The biggest selling point in Crash Boom Bang! is the ability to simultaneously chat to your pals - who are sitting six feet away - whilst playing. However, the gameplay is such that you'll be too busy trying to shoot down other players, roll dice or just do laps around the same desert island over and over again. Messaging will be the last thing on your mind. As Crash Boom Bang! is aimed at kids, this feature is useful but for entertainment purposes, we recommend PictoChat, which is of course built into the system.
If the boring gameplay wasn't bad enough, this title also teaches your kids the concept of gambling. Bets can be placed on the (rigged) outcomes of most mini-games, allowing you to increase your points. Even this is only entertaining for ten seconds and it's a wonder why such a feature was included entirely.
And if there's one title where you need to read the manual, it's this one. The game dumps you straight in at the deep end but even after reading the instructions, scouring GameFAQs and Googling the title, it still took me four days to figure out what the heck was going on. Few instructions are provided on-screen other than 'pick an item' or 'press this' - why you need to do these things is left up to your imagination and the stylus recognition is so bad that it's easier to use your finger.
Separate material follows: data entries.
lemma constructible_take:
  assumes "constructible k n Z" and "n \<le> N"
  shows "constructible k N {y \<in> aspace N. take n y \<in> Z}"
proof -
  have eq: "map (\<lambda>i. y ! i) [0..<n] = take n y" if "y \<in> aspace N" for y
    using that assms(2) by (intro nth_equalityI) (auto simp: aspace_def)
  have "{y \<in> aspace N. map (\<lambda>i. y ! i) [0..<n] \<in> Z} = {y \<in> aspace N. take n y \<in> Z}"
    by (simp add: eq cong: conj_cong)
  moreover have "constructible k N {y \<in> aspace N. map (\<lambda>i. y ! i) [0..<n] \<in> Z}"
    using assms by (intro constructible_vimage_coords) auto
  ultimately show ?thesis by simp
qed

lemma constructible_skip_block:
  assumes "constructible k (s + l) Z"
  shows "constructible k (s + m + l) {y \<in> aspace (s + m + l). take s y @ drop (s + m) y \<in> Z}"
proof -
  have eq: "map (\<lambda>i. y ! (if i < s then i else i + m)) [0..<s + l] = take s y @ drop (s + m) y"
    if "y \<in> aspace (s + m + l)" for y
    using that by (intro nth_equalityI) (auto simp: aspace_def nth_append add.commute)
  have "{y \<in> aspace (s + m + l). map (\<lambda>i. y ! (if i < s then i else i + m)) [0..<s + l] \<in> Z} =
    {y \<in> aspace (s + m + l). take s y @ drop (s + m) y \<in> Z}"
    by (simp add: eq cong: conj_cong)
  moreover have "constructible k (s + m + l)
      {y \<in> aspace (s + m + l). map (\<lambda>i. y ! (if i < s then i else i + m)) [0..<s + l] \<in> Z}"
    using assms by (intro constructible_vimage_coords) auto
  ultimately show ?thesis by simp
qed

section \<open>Fibres definable with parameters from \<open>A\<close>\<close>

definition definable_fibres :: "'a::comm_ring_1 set \<Rightarrow> nat \<Rightarrow> nat \<Rightarrow> 'a list set \<Rightarrow> 'a list set \<Rightarrow> bool"
  where "definable_fibres k s t A Y \<longleftrightarrow> (\<exists>n Z. constructible k (s + s * n) Z \<and>
     (\<forall>b\<in>aspace t. \<exists>a. length a = n \<and> set a \<subseteq> A \<and> fibre s Y b \<inter> A = fibre s Z (concat a) \<inter> A))"

lemma length_concat_aspace: "set a \<subseteq> aspace s \<Longrightarrow> length (concat a) = s * length a"
  by (induction a) (auto simp: aspace_def)

lemma definable_fibres_aspace: "definable_fibres k s t A (aspace (s + t))"
  unfolding definable_fibres_def using constructible_aspace[of k s]
  by (intro exI[of _ 0] exI[of _ "aspace s"]) (auto simp: fibre_def aspace_def)

lemma definable_fibres_diff:
  assumes A: "A \<subseteq> aspace s" and Y: "definable_fibres k s t A Y"
  shows "definable_fibres k s t A (aspace (s + t) - Y)"
proof -
  obtain n Z where Z: "constructible k (s + s * n) Z"
    and fib: "\<forall>b\<in>aspace t. \<exists>a. length a = n \<and> set a \<subseteq> A \<and> fibre s Y b \<inter> A = fibre s Z (concat a) \<inter> A"
    using Y unfolding definable_fibres_def by blast
  have "\<exists>a. length a = n \<and> set a \<subseteq> A \<and>
      fibre s (aspace (s + t) - Y) b \<inter> A = fibre s (aspace (s + s * n) - Z) (concat a) \<inter> A"
    if b: "b \<in> aspace t" for b
  proof -
    obtain a where a: "length a = n" "set a \<subseteq> A" "fibre s Y b \<inter> A = fibre s Z (concat a) \<inter> A"
      using fib b by blast
    have "length (concat a) = s * n" using a A length_concat_aspace by (metis order_trans)
    then have "fibre s (aspace (s + t) - Y) b \<inter> A = fibre s (aspace (s + s * n) - Z) (concat a) \<inter> A"
      using a(3) b A by (auto simp: fibre_def aspace_def)
    with a show ?thesis by blast
  qed
  then show ?thesis
    unfolding definable_fibres_def using constructible.compl[OF Z] by blast
qed

lemma definable_fibres_Un:
  assumes A: "A \<subseteq> aspace s"
    and Y1: "definable_fibres k s t A Y1" and Y2: "definable_fibres k s t A Y2"
  shows "definable_fibres k s t A (Y1 \<union> Y2)"
proof -
  obtain n1 Z1 where Z1: "constructible k (s + s * n1) Z1"
    and fib1: "\<forall>b\<in>aspace t. \<exists>a. length a = n1 \<and> set a \<subseteq> A \<and> fibre s Y1 b \<inter> A = fibre s Z1 (concat a) \<inter> A"
    using Y1 unfolding definable_fibres_def by blast
  obtain n2 Z2 where Z2: "constructible k (s + s * n2) Z2"
    and fib2: "\<forall>b\<in>aspace t. \<exists>a. length a = n2 \<and> set a \<subseteq> A \<and> fibre s Y2 b \<inter> A = fibre s Z2 (concat a) \<inter> A"
    using Y2 unfolding definable_fibres_def by blast
  define N where "N = s + s * n1 + s * n2"
  define Z where "Z = {y \<in> aspace N. take (s + s * n1) y \<in> Z1} \<union>
    {y \<in> aspace N. take s y @ drop (s + s * n1) y \<in> Z2}"
  have "constructible k N {y \<in> aspace N. take (s + s * n1) y \<in> Z1}"
    by (rule constructible_take[OF Z1]) (simp add: N_def)
  moreover have "constructible k N {y \<in> aspace N. take s y @ drop (s + s * n1) y \<in> Z2}"
    unfolding N_def by (rule constructible_skip_block[OF Z2])
  ultimately have "constructible k N Z" unfolding Z_def by (rule constructible.union)
  then have Z: "constructible k (s + s * (n1 + n2)) Z" by (simp add: N_def distrib_left add.assoc)
  have fib: "\<exists>a. length a = n1 + n2 \<and> set a \<subseteq> A \<and>
      fibre s (Y1 \<union> Y2) b \<inter> A = fibre s Z (concat a) \<inter> A"
    if b: "b \<in> aspace t" for b
  proof -
    obtain a1 where a1: "length a1 = n1" "set a1 \<subseteq> A" "fibre s Y1 b \<inter> A = fibre s Z1 (concat a1) \<inter> A"
      using fib1 b by blast
    obtain a2 where a2: "length a2 = n2" "set a2 \<subseteq> A" "fibre s Y2 b \<inter> A = fibre s Z2 (concat a2) \<inter> A"
      using fib2 b by blast
    have l1: "length (concat a1) = s * n1" and l2: "length (concat a2) = s * n2"
      using a1 a2 A length_concat_aspace by (metis order_trans)+
    have "x @ concat (a1 @ a2) \<in> Z \<longleftrightarrow> x @ concat a1 \<in> Z1 \<or> x @ concat a2 \<in> Z2"
      if "length x = s" for x
      using that l1 l2 by (simp add: Z_def N_def aspace_def)
    then have "fibre s Z (concat (a1 @ a2)) = fibre s Z1 (concat a1) \<union> fibre s Z2 (concat a2)"
      by (auto simp: fibre_def aspace_def)
    then have "fibre s (Y1 \<union> Y2) b \<inter> A = fibre s Z (concat (a1 @ a2)) \<inter> A"
      using a1(3) a2(3) by (auto simp: fibre_def)
    with a1 a2 show ?thesis by (intro exI[of _ "a1 @ a2"]) auto
  qed
  show ?thesis
    unfolding definable_fibres_def by (intro exI[of _ "n1 + n2"] exI[of _ Z] conjI Z ballI fib)
qed

lemma definable_fibres_Int:
  assumes "A \<subseteq> aspace s" "Y1 \<subseteq> aspace (s + t)" "Y2 \<subseteq> aspace (s + t)"
    and "definable_fibres k s t A Y1" "definable_fibres k s t A Y2"
  shows "definable_fibres k s t A (Y1 \<inter> Y2)"
proof -
  have "Y1 \<inter> Y2 = aspace (s + t) - ((aspace (s + t) - Y1) \<union> (aspace (s + t) - Y2))"
    using assms(2,3) by blast
  then show ?thesis
    using assms by (simp add: definable_fibres_diff definable_fibres_Un)
qed

lemma definable_fibres_constructible:
  assumes A: "A \<subseteq> aspace s"
    and zero_sets: "\<And>p. definable_fibres k s t A {y \<in> aspace (s + t). mpeval p y = 0}"
    and Y: "constructible K (s + t) Y"
  shows "definable_fibres k s t A Y"
  using Y
proof (induction rule: constructible.induct)
  case (closed S)
  then obtain F where F: "finite F" and S: "S = {y \<in> aspace (s + t). \<forall>p\<in>F. mpeval p y = 0}"
    unfolding zariski_closed_def by blast
  have "definable_fibres k s t A {y \<in> aspace (s + t). \<forall>p\<in>F. mpeval p y = 0}"
    using F
  proof (induction F rule: finite_induct)
    case empty
    then show ?case using definable_fibres_aspace by (simp add: Collect_mem_eq)
  next
    case (insert p F)
    have "{y \<in> aspace (s + t). \<forall>q\<in>insert p F. mpeval q y = 0} =
      {y \<in> aspace (s + t). mpeval p y = 0} \<inter> {y \<in> aspace (s + t). \<forall>q\<in>F. mpeval q y = 0}"
      by auto
    then show ?case
      using definable_fibres_Int[OF A _ _ zero_sets insert.IH] by auto
  qed
  then show ?case by (simp add: S)
next
  case (compl S)
  then show ?case using definable_fibres_diff[OF A] by blast
next
  case (union S T)
  then show ?case using definable_fibres_Un[OF A] by blast
qed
Even worse, some of the mini-games require you to literally punch a hole in the screen, which cannot be good for your shiny DS.
In terms of practicality, there's no real option menu or pause feature other than closing the DS and I am yet to locate the save function - not that saving my progress on this game is at the top of my list of concerns right now.
Some days I wonder how games like this get published, but Crash Boom Bang! seems to have slipped through the cracks in terms of quality control. It could have been an interesting title but the problems with control, weird gameplay style, terrible graphics and rigged, repetitive games just kill any joy that would be garnered from playing it. If you want to destroy a child's love of videogames then go ahead and spent your £30, otherwise, please, don't buy this.